Mixed Heights

You know how you go to a fair or a carnival or whatever and there is a rock climbing wall and an extremely long line and you don’t want to stand in line for 16 hours so you tell your kids, “We’re not going to stand in line for this climbing wall, but there is a climbing gym in town and I promise I will take you there soon, okay?” And, then, for the next two years, they’re all, “When are we going to go rock climbing?” and you finally have to step up and actually take them?

^ That.

I found a local rock climbing gym called Earth Treks and discovered that they had a Friday night climbing class for kids. I was really glad to find this because it meant that I didn’t have to figure out how to help my kids climb myself, because that seemed like a lot of work that, frankly, I wasn’t capable of. Outsourcing the climbing instruction seemed like just the thing.

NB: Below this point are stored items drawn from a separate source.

lemma powr_mul_sqrt_le_young_const:
  fixes u v p :: real
  assumes "0 < p" "p < 2" "0 \<le> u" "0 \<le> v"
  shows "u powr (1 / p - 1 / 2) * sqrt v \<le> young_const p * (u + v) powr (1 / p)"
proof (cases "u = 0 \<or> v = 0")
  case True
  have "1 / p - 1 / 2 > 0"
    using assms by (simp add: field_simps)
  with True have "u powr (1 / p - 1 / 2) * sqrt v = 0"
    by auto
  moreover have "0 \<le> young_const p * (u + v) powr (1 / p)"
    using assms by (simp add: young_const_nonneg)
  ultimately show ?thesis
    by linarith
next
  case False
  with assms have u: "u > 0" and v: "v > 0"
    by auto
  define \<alpha> where "\<alpha> = (2 - p) / 2"
  define \<beta> where "\<beta> = p / 2"
  have \<alpha>: "0 < \<alpha>" and \<beta>: "0 < \<beta>"
    using assms by (auto simp: \<alpha>_def \<beta>_def)
  moreover have "\<alpha> + \<beta> = 1"
    unfolding \<alpha>_def \<beta>_def by (simp add: add_divide_distrib[symmetric])
  ultimately have "(u / \<alpha>) powr \<alpha> * (v / \<beta>) powr \<beta> \<le> \<alpha> * (u / \<alpha>) + \<beta> * (v / \<beta>)"
    using u v by (intro Youngs_inequality_0) auto
  then have "((u / \<alpha>) powr \<alpha> * (v / \<beta>) powr \<beta>) powr (1 / p) \<le> (u + v) powr (1 / p)"
    using \<alpha> \<beta> assms by (intro powr_mono2) auto
  moreover have "\<alpha> * (1 / p) = 1 / p - 1 / 2" "\<beta> * (1 / p) = 1 / 2"
    using assms by (auto simp: \<alpha>_def \<beta>_def field_simps)
  ultimately have young: "(u / \<alpha>) powr (1 / p - 1 / 2) * (v / \<beta>) powr (1 / 2) \<le> (u + v) powr (1 / p)"
    by (simp add: powr_mult powr_powr)
  have "u powr (1 / p - 1 / 2) * sqrt v
      = (\<alpha> powr (1 / p - 1 / 2) * \<beta> powr (1 / 2)) * ((u / \<alpha>) powr (1 / p - 1 / 2) * (v / \<beta>) powr (1 / 2))"
    using \<alpha> \<beta> u v by (simp add: powr_divide powr_half_sqrt field_simps)
  also have "\<dots> \<le> (\<alpha> powr (1 / p - 1 / 2) * \<beta> powr (1 / 2)) * (u + v) powr (1 / p)"
    using young by (intro mult_left_mono) auto
  also have "\<alpha> powr (1 / p - 1 / 2) * \<beta> powr (1 / 2) = young_const p"
    using assms by (simp add: \<alpha>_def \<beta>_def young_const_def powr_half_sqrt)
  finally show ?thesis .
qed

lemma quadratic_le_seven_fifths:
  fixes x y z :: real
  assumes "0 \<le> y" "y \<le> x" "y \<le> z"
  shows "(x + y)\<^sup>2 + min (2 * y) z * (2 * z - y) \<le> 7 / 5 * (x + z)\<^sup>2"
proof (cases "2 * y \<le> z")
  case True
  then have min: "min (2 * y) z = 2 * y"
    by simp
  define t where "t = z - 2 * y"
  have t: "0 \<le> t" "z = 2 * y + t"
    using True by (auto simp: t_def)
  have "7 / 5 * (x + z)\<^sup>2 - ((x + y)\<^sup>2 + 2 * y * (2 * z - y))
      = 2 / 5 * x * x + 18 / 5 * (y * (x - y)) + 11 / 5 * y * y + t * (8 / 5 * y + 14 / 5 * x) + 7 / 5 * t * t"
    unfolding t(2) by (simp add: algebra_simps power2_eq_square) (simp add: field_simps)
  moreover have "0 \<le> y * (x - y)" "0 \<le> x * x" "0 \<le> y * y" "0 \<le> t * (8 / 5 * y + 14 / 5 * x)" "0 \<le> t * t"
    using assms t by auto
  ultimately show ?thesis
    unfolding min by linarith
next
  case False
  then have min: "min (2 * y) z = z"
    by simp
  define u where "u = x - y"
  define v where "v = z - y"
  have uv: "0 \<le> u" "0 \<le> v" "v \<le> y" "x = y + u" "z = y + v"
    using assms False by (auto simp: u_def v_def)
  have "7 / 5 * (x + z)\<^sup>2 - ((x + y)\<^sup>2 + z * (2 * z - y))
      = 3 / 5 * y * y + 2 * y * v + 3 / 5 * (v * (y - v)) + 8 / 5 * y * u + 2 / 5 * u * u + 14 / 5 * u * v"
    unfolding uv(4,5) by (simp add: algebra_simps power2_eq_square) (simp add: field_simps)
  moreover have "0 \<le> y * y" "0 \<le> y * v" "0 \<le> v * (y - v)" "0 \<le> y * u" "0 \<le> u * u" "0 \<le> u * v"
    using assms uv by auto
  ultimately show ?thesis
    unfolding min by linarith
qed

lemma powr_mul_le_two_powr:
  fixes s x q b :: real
  assumes "1 \<le> s" "s \<le> 2" "0 \<le> x" "x \<le> b" "0 \<le> q" "q \<le> b" "2 * x * q \<le> b\<^sup>2"
  shows "x powr (s - 1) * q \<le> 2 powr (1 - s) * b powr s"
proof -
  have "0 \<le> b"
    using assms by linarith
  have rhs: "2 powr (1 - s) * b powr s = (b / 2) powr (s - 1) * b"
    using \<open>0 \<le> b\<close> by (simp add: powr_divide powr_diff field_simps)
  show ?thesis
  proof (cases "x \<le> b / 2")
    case True
    then have "x powr (s - 1) \<le> (b / 2) powr (s - 1)"
      using assms by (intro powr_mono2) auto
    then show ?thesis
      unfolding rhs using assms by (intro mult_mono) auto
  next
    case False
    then have "b > 0"
      using assms by linarith
    have split: "x powr (s - 1) = (b / 2) powr (s - 1) * (2 * x / b) powr (s - 1)"
      using \<open>b > 0\<close> by (simp add: powr_mult[symmetric])
    have "(2 * x / b) powr (s - 1) \<le> 2 * x / b"
      using False \<open>b > 0\<close> assms powr_mono[of "s - 1" 1 "2 * x / b"] by (simp add: field_simps)
    then have "x powr (s - 1) \<le> (b / 2) powr (s - 1) * (2 * x / b)"
      unfolding split by (rule mult_left_mono) simp
    then have "x powr (s - 1) * q \<le> (b / 2) powr (s - 1) * (2 * x / b) * q"
      using \<open>0 \<le> q\<close> by (rule mult_right_mono)
    also have "\<dots> = (b / 2) powr (s - 1) * (2 * x * q / b)"
      by simp
    also have "\<dots> \<le> (b / 2) powr (s - 1) * b"
      using assms \<open>b > 0\<close> by (intro mult_left_mono) (simp_all add: field_simps power2_eq_square)
    finally show ?thesis
      unfolding rhs .
  qed
qed

lemma sum_adjacent_pairs_le:
  fixes b :: "nat \<Rightarrow> real"
  assumes nonneg: "\<And>i. 0 \<le> b i" and "2 \<le> L"
  shows "(\<Sum>i\<in>{3..L}. b (i - 1) + b i) \<le> 2 * (\<Sum>i\<in>{2..L}. b i) - b 2"
proof -
  obtain L' where L: "L = Suc L'"
    using \<open>2 \<le> L\<close> by (cases L) auto
  have "(\<Sum>i\<in>{3..L}. b (i - 1)) = (\<Sum>i\<in>{Suc 2..Suc L'}. b (i - 1))"
    using L by simp
  also have "\<dots> = (\<Sum>i\<in>{2..L'}. b i)"
    by (subst sum.shift_bounds_cl_Suc_ivl) simp
  also have "\<dots> \<le> (\<Sum>i\<in>{2..L}. b i)"
    using nonneg L by (intro sum_mono2) auto
  finally have "(\<Sum>i\<in>{3..L}. b (i - 1)) \<le> (\<Sum>i\<in>{2..L}. b i)" .
  moreover have "(\<Sum>i\<in>{2..L}. b i) = b 2 + (\<Sum>i\<in>{3..L}. b i)"
    using \<open>2 \<le> L\<close> by (subst sum.atLeast_Suc_atMost) auto
  ultimately show ?thesis
    by (simp add: sum.distrib)
qed

lemma sum_sqrt_adjacent_le:
  fixes b :: "nat \<Rightarrow> real"
  assumes nonneg: "\<And>i. 0 \<le> b i" and "2 \<le> L"
  shows "(\<Sum>i\<in>{2..L}. sqrt (b (i - 1) * b i)) \<le> sqrt (b 1 * b 2) + (\<Sum>i\<in>{2..L}. b i) - b 2 / 2"
proof -
  have "(\<Sum>i\<in>{3..L}. sqrt (b (i - 1) * b i)) \<le> (\<Sum>i\<in>{3..L}. b (i - 1) + b i) / 2"
    unfolding sum_divide_distrib using nonneg arith_geo_mean_sqrt by (intro sum_mono) auto
  also have "\<dots> \<le> (\<Sum>i\<in>{2..L}. b i) - b 2 / 2"
    using sum_adjacent_pairs_le[of b, OF nonneg \<open>2 \<le> L\<close>] by simp
  finally show ?thesis
    using \<open>2 \<le> L\<close> by (subst sum.atLeast_Suc_atMost) auto
qed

Our climbing date was this week and we headed out, two-thirds of my climbers excited to be going. It turns out that Quinn was worried about falling, so once I told him he’d be in a harness and totally safe, he felt a little better. Then, when we got to the gym and he saw all the climbing walls, he freaked out and started yelling about wanting to climb the really tall walls.

So then three out of three were excited.

This was shaping up to be a really positive thing. We found the right wall section and met our staffers. Early arriving kids got to traverse around the bottom section of the rock wall and all three of my kids were thrilled.


Witness: An actual smile.

The problem—and you know there was one—is that the class wasn’t all that well organized. This particular class was over its limit also, meaning there were 12 kids, instead of ten. Plus, two out of the three instructors weren’t very organized with their lines, meaning pushy kids were allowed to cut.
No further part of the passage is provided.